__Problem statement__:
Your answer should be a number only: the count of lines in the following entries that contain "zero".

__Stored data__:
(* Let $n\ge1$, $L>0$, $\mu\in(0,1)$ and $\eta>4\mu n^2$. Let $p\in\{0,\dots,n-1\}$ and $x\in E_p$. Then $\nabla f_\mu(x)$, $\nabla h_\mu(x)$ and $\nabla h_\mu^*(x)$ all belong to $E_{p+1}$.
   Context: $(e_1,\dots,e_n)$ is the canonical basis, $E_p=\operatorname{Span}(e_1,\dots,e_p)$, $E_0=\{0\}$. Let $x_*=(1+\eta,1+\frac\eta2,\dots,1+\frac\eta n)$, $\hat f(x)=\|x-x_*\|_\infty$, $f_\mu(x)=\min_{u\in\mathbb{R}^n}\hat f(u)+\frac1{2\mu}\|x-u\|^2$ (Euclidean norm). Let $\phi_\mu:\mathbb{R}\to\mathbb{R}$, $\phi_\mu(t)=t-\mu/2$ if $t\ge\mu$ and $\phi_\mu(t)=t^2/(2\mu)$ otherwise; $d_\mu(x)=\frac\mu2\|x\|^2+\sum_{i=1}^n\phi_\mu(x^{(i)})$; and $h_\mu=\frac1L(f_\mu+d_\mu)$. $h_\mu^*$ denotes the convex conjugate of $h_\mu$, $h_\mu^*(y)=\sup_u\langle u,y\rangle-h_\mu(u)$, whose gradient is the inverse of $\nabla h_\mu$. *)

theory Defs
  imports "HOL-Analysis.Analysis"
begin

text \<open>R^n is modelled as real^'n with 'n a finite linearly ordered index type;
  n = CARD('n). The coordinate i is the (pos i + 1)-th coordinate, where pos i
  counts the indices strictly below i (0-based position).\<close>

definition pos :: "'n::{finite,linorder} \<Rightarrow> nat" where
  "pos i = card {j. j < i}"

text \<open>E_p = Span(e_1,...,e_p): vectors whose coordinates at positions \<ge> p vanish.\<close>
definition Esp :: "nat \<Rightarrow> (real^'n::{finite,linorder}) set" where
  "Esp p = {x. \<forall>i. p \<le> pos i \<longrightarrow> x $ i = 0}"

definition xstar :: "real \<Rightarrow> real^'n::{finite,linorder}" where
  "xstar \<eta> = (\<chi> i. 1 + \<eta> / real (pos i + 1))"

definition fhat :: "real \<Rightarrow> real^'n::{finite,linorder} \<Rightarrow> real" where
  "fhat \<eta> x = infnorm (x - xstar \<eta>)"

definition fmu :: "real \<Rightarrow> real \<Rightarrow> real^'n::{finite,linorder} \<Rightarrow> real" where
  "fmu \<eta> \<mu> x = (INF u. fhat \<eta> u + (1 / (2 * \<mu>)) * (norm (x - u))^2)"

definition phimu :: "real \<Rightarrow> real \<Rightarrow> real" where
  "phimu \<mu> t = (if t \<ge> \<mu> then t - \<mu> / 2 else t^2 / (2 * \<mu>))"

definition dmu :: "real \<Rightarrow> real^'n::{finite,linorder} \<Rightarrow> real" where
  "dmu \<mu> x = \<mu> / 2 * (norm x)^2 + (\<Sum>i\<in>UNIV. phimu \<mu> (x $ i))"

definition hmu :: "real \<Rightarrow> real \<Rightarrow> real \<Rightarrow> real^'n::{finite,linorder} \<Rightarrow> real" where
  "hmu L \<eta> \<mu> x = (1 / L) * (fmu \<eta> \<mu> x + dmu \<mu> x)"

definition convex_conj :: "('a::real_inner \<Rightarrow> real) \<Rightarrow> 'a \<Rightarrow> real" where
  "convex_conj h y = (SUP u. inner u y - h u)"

...

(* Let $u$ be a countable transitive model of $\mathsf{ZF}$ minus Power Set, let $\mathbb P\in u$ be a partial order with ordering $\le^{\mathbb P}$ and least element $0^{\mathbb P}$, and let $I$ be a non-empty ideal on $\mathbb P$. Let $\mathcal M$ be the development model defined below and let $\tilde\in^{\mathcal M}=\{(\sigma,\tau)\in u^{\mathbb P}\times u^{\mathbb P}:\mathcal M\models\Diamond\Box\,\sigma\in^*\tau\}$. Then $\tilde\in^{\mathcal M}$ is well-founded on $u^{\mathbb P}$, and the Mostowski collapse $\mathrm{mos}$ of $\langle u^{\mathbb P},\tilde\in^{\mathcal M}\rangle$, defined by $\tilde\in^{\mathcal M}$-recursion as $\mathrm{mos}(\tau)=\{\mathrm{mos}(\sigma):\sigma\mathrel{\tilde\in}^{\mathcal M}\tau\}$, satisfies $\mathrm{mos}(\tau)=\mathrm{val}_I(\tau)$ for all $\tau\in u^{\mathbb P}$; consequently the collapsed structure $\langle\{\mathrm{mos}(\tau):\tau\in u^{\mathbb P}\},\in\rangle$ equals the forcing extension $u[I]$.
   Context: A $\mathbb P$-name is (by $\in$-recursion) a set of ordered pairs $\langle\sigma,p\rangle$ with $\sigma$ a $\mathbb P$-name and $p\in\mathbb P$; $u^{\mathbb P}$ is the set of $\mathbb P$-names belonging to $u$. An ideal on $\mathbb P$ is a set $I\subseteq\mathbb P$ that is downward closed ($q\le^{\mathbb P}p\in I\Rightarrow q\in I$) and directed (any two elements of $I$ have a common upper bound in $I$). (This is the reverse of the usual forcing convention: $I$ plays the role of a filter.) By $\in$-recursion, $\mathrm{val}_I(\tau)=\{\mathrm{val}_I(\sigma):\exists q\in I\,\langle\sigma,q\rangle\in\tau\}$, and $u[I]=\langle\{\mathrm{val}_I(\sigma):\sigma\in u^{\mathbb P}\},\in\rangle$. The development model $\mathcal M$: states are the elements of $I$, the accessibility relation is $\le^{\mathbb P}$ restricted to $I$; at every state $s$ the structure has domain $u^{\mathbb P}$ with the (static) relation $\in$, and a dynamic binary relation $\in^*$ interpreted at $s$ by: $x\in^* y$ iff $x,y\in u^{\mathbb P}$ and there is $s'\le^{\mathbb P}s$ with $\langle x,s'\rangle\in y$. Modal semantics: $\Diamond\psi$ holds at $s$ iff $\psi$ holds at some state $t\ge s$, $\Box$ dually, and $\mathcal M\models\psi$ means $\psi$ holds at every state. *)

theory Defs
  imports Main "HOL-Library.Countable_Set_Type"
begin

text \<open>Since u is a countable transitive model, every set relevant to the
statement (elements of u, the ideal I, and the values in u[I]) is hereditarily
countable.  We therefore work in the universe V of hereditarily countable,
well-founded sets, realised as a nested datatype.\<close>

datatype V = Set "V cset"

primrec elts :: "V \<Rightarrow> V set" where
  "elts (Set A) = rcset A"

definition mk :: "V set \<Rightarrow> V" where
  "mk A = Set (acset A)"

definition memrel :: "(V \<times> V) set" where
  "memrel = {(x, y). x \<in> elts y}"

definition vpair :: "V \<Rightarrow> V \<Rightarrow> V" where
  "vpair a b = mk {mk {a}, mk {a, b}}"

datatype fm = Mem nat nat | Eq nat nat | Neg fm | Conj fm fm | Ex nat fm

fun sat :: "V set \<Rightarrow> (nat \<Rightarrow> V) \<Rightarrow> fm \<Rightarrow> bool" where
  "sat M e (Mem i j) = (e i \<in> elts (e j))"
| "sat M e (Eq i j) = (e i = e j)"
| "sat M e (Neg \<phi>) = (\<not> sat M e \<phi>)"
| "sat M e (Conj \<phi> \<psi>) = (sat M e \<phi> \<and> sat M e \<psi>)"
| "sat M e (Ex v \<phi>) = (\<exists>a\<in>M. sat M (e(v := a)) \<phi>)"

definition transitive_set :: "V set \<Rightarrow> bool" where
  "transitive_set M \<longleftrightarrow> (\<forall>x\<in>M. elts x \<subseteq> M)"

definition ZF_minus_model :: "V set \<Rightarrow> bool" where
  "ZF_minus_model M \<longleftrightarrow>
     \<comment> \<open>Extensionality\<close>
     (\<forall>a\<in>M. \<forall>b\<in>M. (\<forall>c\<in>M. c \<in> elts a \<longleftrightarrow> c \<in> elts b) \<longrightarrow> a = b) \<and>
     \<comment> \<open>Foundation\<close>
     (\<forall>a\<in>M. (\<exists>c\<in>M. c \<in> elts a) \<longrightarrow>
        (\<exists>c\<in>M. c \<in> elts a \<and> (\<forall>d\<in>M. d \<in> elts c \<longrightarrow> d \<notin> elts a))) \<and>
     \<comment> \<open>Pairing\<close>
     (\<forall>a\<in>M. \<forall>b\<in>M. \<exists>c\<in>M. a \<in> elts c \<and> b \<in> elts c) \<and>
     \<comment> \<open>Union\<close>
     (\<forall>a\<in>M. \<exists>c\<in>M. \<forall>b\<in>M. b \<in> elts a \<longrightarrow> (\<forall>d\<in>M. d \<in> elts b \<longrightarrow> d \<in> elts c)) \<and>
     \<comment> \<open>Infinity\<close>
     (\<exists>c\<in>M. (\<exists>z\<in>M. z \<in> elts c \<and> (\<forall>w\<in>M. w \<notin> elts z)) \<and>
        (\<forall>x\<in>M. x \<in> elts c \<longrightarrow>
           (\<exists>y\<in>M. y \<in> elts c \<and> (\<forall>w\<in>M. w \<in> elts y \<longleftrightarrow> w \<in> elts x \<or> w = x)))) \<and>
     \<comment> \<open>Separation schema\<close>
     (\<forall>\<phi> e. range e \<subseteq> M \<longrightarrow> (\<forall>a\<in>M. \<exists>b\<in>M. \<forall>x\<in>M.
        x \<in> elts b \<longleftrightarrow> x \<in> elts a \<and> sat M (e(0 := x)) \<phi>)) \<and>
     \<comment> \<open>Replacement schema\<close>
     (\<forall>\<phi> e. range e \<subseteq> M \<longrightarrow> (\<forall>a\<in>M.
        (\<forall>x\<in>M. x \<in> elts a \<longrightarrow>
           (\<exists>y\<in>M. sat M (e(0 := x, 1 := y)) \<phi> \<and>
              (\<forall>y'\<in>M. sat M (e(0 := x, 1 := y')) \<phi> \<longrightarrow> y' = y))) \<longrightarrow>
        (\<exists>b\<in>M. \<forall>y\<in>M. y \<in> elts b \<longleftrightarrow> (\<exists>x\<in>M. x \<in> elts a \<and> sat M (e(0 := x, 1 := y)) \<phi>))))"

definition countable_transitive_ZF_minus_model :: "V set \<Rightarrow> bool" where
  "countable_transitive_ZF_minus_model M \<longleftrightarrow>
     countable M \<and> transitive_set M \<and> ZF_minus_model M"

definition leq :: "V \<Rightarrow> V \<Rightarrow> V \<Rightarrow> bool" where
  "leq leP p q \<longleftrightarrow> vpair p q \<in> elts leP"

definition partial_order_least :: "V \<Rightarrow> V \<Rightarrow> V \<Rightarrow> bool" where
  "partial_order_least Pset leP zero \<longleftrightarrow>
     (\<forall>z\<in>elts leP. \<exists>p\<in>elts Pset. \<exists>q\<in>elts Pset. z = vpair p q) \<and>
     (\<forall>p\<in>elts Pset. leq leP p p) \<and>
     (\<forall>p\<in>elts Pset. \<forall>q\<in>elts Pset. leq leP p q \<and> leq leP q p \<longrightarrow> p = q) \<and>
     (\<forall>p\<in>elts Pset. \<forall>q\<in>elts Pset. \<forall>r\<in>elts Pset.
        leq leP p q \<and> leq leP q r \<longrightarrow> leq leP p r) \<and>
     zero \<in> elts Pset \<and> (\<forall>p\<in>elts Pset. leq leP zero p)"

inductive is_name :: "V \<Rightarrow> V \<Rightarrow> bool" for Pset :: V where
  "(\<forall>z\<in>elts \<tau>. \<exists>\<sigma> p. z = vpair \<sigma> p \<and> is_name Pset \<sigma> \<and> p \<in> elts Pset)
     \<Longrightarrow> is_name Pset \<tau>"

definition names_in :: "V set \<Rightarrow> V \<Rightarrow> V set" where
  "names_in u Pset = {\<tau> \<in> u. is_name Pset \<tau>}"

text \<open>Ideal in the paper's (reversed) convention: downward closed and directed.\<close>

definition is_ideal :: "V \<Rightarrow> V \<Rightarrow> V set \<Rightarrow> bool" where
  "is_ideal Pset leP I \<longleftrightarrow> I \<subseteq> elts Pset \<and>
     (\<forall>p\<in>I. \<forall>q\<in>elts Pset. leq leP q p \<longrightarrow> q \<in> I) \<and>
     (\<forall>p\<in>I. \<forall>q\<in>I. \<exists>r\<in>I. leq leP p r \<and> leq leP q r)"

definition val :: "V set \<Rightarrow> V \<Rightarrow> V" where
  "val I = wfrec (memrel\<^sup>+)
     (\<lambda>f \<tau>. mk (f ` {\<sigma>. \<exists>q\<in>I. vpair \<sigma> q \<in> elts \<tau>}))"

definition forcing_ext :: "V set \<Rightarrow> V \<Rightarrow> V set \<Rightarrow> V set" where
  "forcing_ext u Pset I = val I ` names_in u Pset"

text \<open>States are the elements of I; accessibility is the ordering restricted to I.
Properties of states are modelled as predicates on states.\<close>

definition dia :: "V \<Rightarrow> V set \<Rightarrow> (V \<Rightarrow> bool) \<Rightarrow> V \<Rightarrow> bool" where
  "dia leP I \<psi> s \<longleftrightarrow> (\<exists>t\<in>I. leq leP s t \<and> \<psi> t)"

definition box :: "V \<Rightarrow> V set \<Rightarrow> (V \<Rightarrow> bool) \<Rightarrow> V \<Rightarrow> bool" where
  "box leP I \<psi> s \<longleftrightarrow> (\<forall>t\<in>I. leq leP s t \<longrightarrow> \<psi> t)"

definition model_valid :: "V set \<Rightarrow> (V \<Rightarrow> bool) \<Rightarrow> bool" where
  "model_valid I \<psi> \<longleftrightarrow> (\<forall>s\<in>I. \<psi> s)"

__Reply__:
2